Months ago, we, PRL Motorsports, set a goal to be the first 10th Gen Civic into the 10's on stock ECU a by any means possible; this is exactly what we accomplished. Full details of our build can be found in our Project Snow White Build Thread, but a quick recap on our build is as follows:
2017 Civic Si
- Stock ECU, currently on Hondata
- VP MS100 Unleaded Race Gas
- Zex wet shot nitrous kit jetted for a 100 shot w/ supplementary fuel system using Ignite e90
- Built engine w/ CNC Werx CSS cylinder block, Brian Crower connecting rods, JE 73.5mm 10.3:1 compression pistons & Brian Crower valvetrain, stock camshafts, stock valves and stock port head
- Stock transmission
- Clutch Masters 725 Race twin disc clutch
- PRL Motorsports Big Turbo Kit w/ GTX2860R GEN2, .86 A/R turbine housing (keep in mind this is the smallest turbocharger available with our kit) w/ catless downpipe
- PRL Motorsports 3” exhaust dump
- PRL Motorsports Cobra CAI w/ Race MAF housing
- PRL Motorsports FMIC w/ upgraded charge pipe kit
- PRL Motorsports front pipe
- Stock struts w/ D2 lowering springs
- Fast Brakes single rotor front brake kit
- Belak 13x9 front wheels w/ 8.7/25x13 M&H slicks up front and Belak 15x4.5 skinnies w/ 4.5/25x15 Mickey Thompsons
- Removed passenger seat, rear seats air conditioning and sunroof w/ Aerospec carbon fiber filler
Over the past few months we’ve learned quite a few things about these cars and the way the ECU makes them behave.

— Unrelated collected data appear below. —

(* Assume $\gamma=0$ and $L$ is not conformal. Let $M$ be a simple $L$-module; if $o(r)=n<\infty$ assume that the central element $\tilde\phi(h^n)$ acts on $M$ as a nonzero scalar. If $\operatorname{ann}M$ contains a power of $u$ or a power of $d$, then $M$ is finite-dimensional.
   Context: Let $r,s\in\mathbb C^\times$, $\phi(x)=\sum_ia_ix^i$, and $L=L(\phi,r,s,0)$ the associative $\mathbb C$-algebra generated by $u,d,h$ with $hu=ruh$, $dh=rhd$, $du-sud=\phi(h)$. $L$ is not conformal means there is no $\psi\in\mathbb C[x]$ with $s\psi(x)-\psi(rx)=\phi(x)$; equivalently $s=r^i$ and $a_i\neq0$ for some $i$. When $o(r)=n<\infty$ fix $j$ with $s=r^j$, $0\le j\le n-1$, and write $\sum_{i\equiv j\ (\mathrm{mod}\ n)}a_ih^i=sh^j\tilde\phi(h^n)$ for a polynomial $\tilde\phi$; then $h^n$ and hence $\tilde\phi(h^n)$ are central in $L$. $o(r)$ is the multiplicative order of $r$. Modules are left modules. *)

theory Defs
  imports Main "HOL-Computational_Algebra.Polynomial"
begin

definition op_poly :: "(complex \<Rightarrow> 'm \<Rightarrow> 'm) \<Rightarrow> complex poly \<Rightarrow> ('m \<Rightarrow> 'm) \<Rightarrow> 'm \<Rightarrow> 'm::ab_group_add"
  where "op_poly scale p H x = (\<Sum>i\<le>degree p. scale (coeff p i) ((H ^^ i) x))"

text \<open>M is a module over L(phi,r,s,0): the generators u, d, h act by linear
  operators U, D, H satisfying the defining relations
  hu = r uh, dh = r hd, du - s ud = phi(h).\<close>
definition is_L_module ::
  "(complex \<Rightarrow> 'm \<Rightarrow> 'm) \<Rightarrow> complex poly \<Rightarrow> complex \<Rightarrow> complex \<Rightarrow>
     ('m \<Rightarrow> 'm) \<Rightarrow> ('m \<Rightarrow> 'm) \<Rightarrow> ('m \<Rightarrow> 'm::ab_group_add) \<Rightarrow> bool"
  where "is_L_module scale phi r s U D H \<longleftrightarrow>
    vector_space scale \<and>
    Vector_Spaces.linear scale scale U \<and> Vector_Spaces.linear scale scale D \<and>
    Vector_Spaces.linear scale scale H \<and>
    (\<forall>x. H (U x) = scale r (U (H x))) \<and>
    (\<forall>x. D (H x) = scale r (H (D x))) \<and>
    (\<forall>x. D (U x) - scale s (U (D x)) = op_poly scale phi H x)"
lemma limit_set_set_mult_finite:
  assumes C: "C \<subseteq> carrier G" and F: "F \<subseteq> carrier G" and "finite F"
  shows "limit_set act (C <#> F) \<subseteq> limit_set act C"
proof
  fix \<zeta> assume "\<zeta> \<in> limit_set act (C <#> F)"
  then obtain x s where orbit: "\<forall>n. s n \<in> (\<lambda>h. act h x) ` (C <#> F)"
    and s: "s \<in> \<zeta>" and \<zeta>: "\<zeta> \<in> gromov_boundary"
    unfolding limit_set_def by blast
  have "\<exists>c f. c \<in> C \<and> f \<in> F \<and> s n = act c (act f x)" for n
  proof -
    obtain c f where cf: "c \<in> C" "f \<in> F" and sn: "s n = act (c \<otimes> f) x"
      using orbit unfolding set_mult_def by blast
    have "c \<in> carrier G" "f \<in> carrier G" using cf C F by auto
    then have "s n = act c (act f x)" using sn by (simp add: act_mult)
    with cf show ?thesis by blast
  qed
  then obtain c f where c: "\<And>n. c n \<in> C" and f: "\<And>n. f n \<in> F"
    and s_cf: "\<And>n. s n = act (c n) (act (f n) x)"
    by metis
  define t where "t n = act (c n) x" for n
  define M where "M = Max ((\<lambda>f. dist (act f x) x) ` F)"
  have "dist (s n) (t n) = dist (act (f n) x) x" for n
    unfolding s_cf t_def using act_dist c C by blast
  then have "dist (s n) (t n) \<le> M" for n
    unfolding M_def using f \<open>finite F\<close> by (auto intro!: Max_ge)
  then have "gromov_equiv s t" "gromov_seq t"
    using gromov_equiv_bounded_dist gromov_boundary_memD[OF \<zeta> s] by blast+
  then have "t \<in> \<zeta>" using gromov_boundary_eq_class[OF hyperbolic \<zeta> s] by blast
  moreover have "t n \<in> (\<lambda>h. act h x) ` C" for n unfolding t_def using c by blast
  ultimately show "\<zeta> \<in> limit_set act C" unfolding limit_set_def using \<zeta> by blast
qed

lemma gromov_product_bounded_from_preserving_orbit:
  assumes a: "a \<in> gromov_boundary" and b: "b \<in> gromov_boundary" and "a \<noteq> b"
  shows "\<exists>C. \<forall>k\<in>carrier G. boundary_map (act k) ` {a, b} = {a, b} \<longrightarrow>
           (\<forall>\<alpha>\<in>a. \<forall>\<beta>\<in>b. \<exists>N. \<forall>n\<ge>N. gromov_product (act k x) (\<alpha> n) (\<beta> n) < C)"
proof -
  obtain C where C: "\<forall>f. (\<forall>x y. dist (f x) (f y) = dist x y) \<longrightarrow>
      boundary_map f ` {a, b} = {a, b} \<longrightarrow>
      (\<forall>\<alpha>\<in>a. \<forall>\<beta>\<in>b. \<exists>N. \<forall>n\<ge>N. gromov_product x (f (\<alpha> n)) (f (\<beta> n)) < C)"
    using gromov_product_bounded_preserved_pair[OF hyperbolic a b \<open>a \<noteq> b\<close>, where x = x] by (elim exE)
  show ?thesis
  proof (intro exI[of _ C] ballI impI)
    fix k \<alpha> \<beta> assume k: "k \<in> carrier G" and "boundary_map (act k) ` {a, b} = {a, b}"
      and \<alpha>: "\<alpha> \<in> a" and \<beta>: "\<beta> \<in> b"
    then have "k \<in> {k \<in> carrier G. boundary_map (act k) ` {a, b} = {a, b}}" by blast
    then have "inv k \<in> {k \<in> carrier G. boundary_map (act k) ` {a, b} = {a, b}}"
      by (rule subgroup.m_inv_closed[OF subgroup_boundary_stabilizer])
    then have inv_preserves: "boundary_map (act (inv k)) ` {a, b} = {a, b}" by simp
    have iso_inv: "dist (act (inv k) y) (act (inv k) z) = dist y z" for y z
      using k by (simp add: act_dist)
    have seen_from_x: "gromov_product (act k x) (\<alpha> n) (\<beta> n)
        = gromov_product x (act (inv k) (\<alpha> n)) (act (inv k) (\<beta> n))" for n
      using gromov_product_isometry[OF iso_inv, of "act k x" "\<alpha> n" "\<beta> n"] act_inv_act[OF k] by simp
    show "\<exists>N. \<forall>n\<ge>N. gromov_product (act k x) (\<alpha> n) (\<beta> n) < C"
      unfolding seen_from_x by (rule C[rule_format, OF iso_inv inv_preserves \<alpha> \<beta>])
  qed
qed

Roughly 6 weeks ago we managed to put down 403 horsepower and 420 ft/lbs tq at 32 PSI on this same setup minus nitrous/supplementary fuel system and with the small .64 A/R turbine housing. Thinking that the turbine housing may have been a restriction, we decided to swap housings to rule this theory out. To our surprise, we did not see any notable gains at these boost/power levels. The power curve shifted to the right as expected, and did appear as if the car larger turbine housing would allow this engine to breathe at the top of the power curve with more boost/power. Knowing that the compressor map of the GEN2 GTX2860R is efficient to around 42 PSI, we planned to increase boost as much as possible, but needed a way around the factory MAP sensor limit, which would throw a CEL for over-boost at 30 PSI with the sensor’s maximum threshold measuring 32 PSI. Once we realized the 9th Gen Civic’s MAP sensor was a direct fit, KTuner enabled a fix to allow Hondata’s 4 Bar MAP sensor to be used in our car for testing. However, we faced new obstacles.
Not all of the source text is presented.